-------- ENTRIES PROVIDED

lemma J0_eq_monomial_ideal: "J0 p q a = pf_ideal_gen (map mon (J0_exps p q a))"
  unfolding J0_def J0_exps_def by (rule arg_cong[where f = pf_ideal_gen]) (simp add: fun_eq_iff mon_eq)

lemma J0_is_ideal: "is_pf_ideal (J0 p q a)"
  unfolding J0_eq_monomial_ideal by (rule monomial_ideal_is_ideal)

lemma J0_generators:
  "(\<lambda>x. x 0 ^ (q - p)) \<in> J0 p q a" "(\<lambda>x. x 2) \<in> J0 p q a" "(\<lambda>x. x 4) \<in> J0 p q a"
  "(\<lambda>x. x 1 ^ (a * q) * x 3 ^ (a * p)) \<in> J0 p q a"
  unfolding J0_def by (simp_all add: pf_ideal_gen_generator)

lemma J0_comp_stable:
  assumes "\<And>i. i < 5 \<Longrightarrow> (\<lambda>x. \<phi> x i) \<in> polyfun"
    and "\<And>\<gamma>. \<gamma> \<in> set (J0_exps p q a) \<Longrightarrow> (\<lambda>x. mon \<gamma> (\<phi> x)) \<in> J0 p q a"
    and "f \<in> J0 p q a"
  shows "(\<lambda>x. f (\<phi> x)) \<in> J0 p q a"
  using pf_ideal_gen_comp_stable[of "map mon (J0_exps p q a)" \<phi> f] assms
  unfolding J0_eq_monomial_ideal by (auto intro: mon_polyfun)

lemma mon_gact:
  "mon \<alpha> (gact p q t \<zeta> x)
    = (t ^ \<alpha> 0 * inverse (t ^ p * \<zeta>) ^ (\<alpha> 1 + \<alpha> 2) * (t ^ q * \<zeta>) ^ (\<alpha> 3 + \<alpha> 4)) * mon \<alpha> x"
  by (simp add: mon_eq gact_def power_mult_distrib power_add mult_ac)

lemma J0_gact_stable: "f \<in> J0 p q a \<Longrightarrow> (\<lambda>x. f (gact p q t \<zeta> x)) \<in> J0 p q a"
proof (rule J0_comp_stable[OF gact_polyfun])
  fix \<gamma> assume "\<gamma> \<in> set (J0_exps p q a)"
  then have "mon \<gamma> \<in> J0 p q a"
    unfolding J0_eq_monomial_ideal by (auto intro: mon_in_monomial_ideal)
  then show "(\<lambda>x. mon \<gamma> (gact p q t \<zeta> x)) \<in> J0 p q a"
    unfolding mon_gact by (rule pf_ideal_smult[OF J0_is_ideal])
qed

text \<open>Modulo \<open>X\<^sub>2, X\<^sub>4\<close> the Borel element acts on \<open>X\<^sub>1, X\<^sub>3\<close> by the scalar \<open>\<alpha>\<close>.\<close>

lemma bact_X1_X3_monomial_in_J0:
  "(\<lambda>x. (\<alpha> * x 1 + \<beta> * x 2) ^ (a * q) * (\<alpha> * x 3 + \<beta> * x 4) ^ (a * p)) \<in> J0 p q a"
proof -
  have lin: "(\<lambda>x. \<alpha> * x 1) \<in> polyfun" "(\<lambda>x. \<beta> * x 2) \<in> polyfun"
    "(\<lambda>x. \<alpha> * x 3) \<in> polyfun" "(\<lambda>x. \<beta> * x 4) \<in> polyfun"
    by (simp_all add: pf_smult pf_coord)
  obtain P1 where P1: "P1 \<in> polyfun"
      "\<forall>x. (\<alpha> * x 1 + \<beta> * x 2) ^ (a * q) = (\<alpha> * x 1) ^ (a * q) + (\<beta> * x 2) * P1 x"
    using pf_pow_add_split[OF lin(1,2), of "a * q"] by auto
  obtain P3 where P3: "P3 \<in> polyfun"
      "\<forall>x. (\<alpha> * x 3 + \<beta> * x 4) ^ (a * p) = (\<alpha> * x 3) ^ (a * p) + (\<beta> * x 4) * P3 x"
    using pf_pow_add_split[OF lin(3,4), of "a * p"] by auto
  have eq: "(\<alpha> * x 1 + \<beta> * x 2) ^ (a * q) * (\<alpha> * x 3 + \<beta> * x 4) ^ (a * p)
      = \<alpha> ^ (a * q + a * p) * (x 1 ^ (a * q) * x 3 ^ (a * p))
        + (\<beta> * P1 x * (\<alpha> * x 3 + \<beta> * x 4) ^ (a * p)) * x 2
        + (\<beta> * (\<alpha> * x 1) ^ (a * q) * P3 x) * x 4" for x
    using P1(2) P3(2) by (simp add: power_mult_distrib power_add algebra_simps)
  have "(\<lambda>x. \<alpha> ^ (a * q + a * p) * (x 1 ^ (a * q) * x 3 ^ (a * p))
        + (\<beta> * P1 x * (\<alpha> * x 3 + \<beta> * x 4) ^ (a * p)) * x 2
        + (\<beta> * (\<alpha> * x 1) ^ (a * q) * P3 x) * x 4) \<in> J0 p q a"
  proof (intro pf_ideal_add[OF J0_is_ideal])
    show "(\<lambda>x. \<alpha> ^ (a * q + a * p) * (x 1 ^ (a * q) * x 3 ^ (a * p))) \<in> J0 p q a"
      by (rule pf_ideal_smult[OF J0_is_ideal J0_generators(4)])
    show "(\<lambda>x. (\<beta> * P1 x * (\<alpha> * x 3 + \<beta> * x 4) ^ (a * p)) * x 2) \<in> J0 p q a"
      using P1(1) by (intro pf_ideal_mult[OF J0_is_ideal _ J0_generators(2)])
        (auto intro!: pf_mult pf_smult pf_pow pf_add pf_coord)
    show "(\<lambda>x. (\<beta> * (\<alpha> * x 1) ^ (a * q) * P3 x) * x 4) \<in> J0 p q a"
      using P3(1) by (intro pf_ideal_mult[OF J0_is_ideal _ J0_generators(3)])
        (auto intro!: pf_mult pf_smult pf_pow pf_add pf_coord)
  qed
  then show ?thesis
    by (rule fun_mem_cong) (rule eq[symmetric])
qed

----------------

**INSTRUCTIONS TO FOLLOW:** Search the data for "have". Copy every line that has it.

**REPLY:**
  then have "mon \<gamma> \<in> J0 p q a"
  have lin: "(\<lambda>x. \<alpha> * x 1) \<in> polyfun" "(\<lambda>x. \<beta> * x 2) \<in> polyfun"
  have eq: "(\<alpha> * x 1 + \<beta> * x 2) ^ (a * q) * (\<alpha> * x 3 + \<beta> * x 4) ^ (a * p)
  have "(\<lambda>x. \<alpha> ^ (a * q + a * p) * (x 1 ^ (a * q) * x 3 ^ (a * p))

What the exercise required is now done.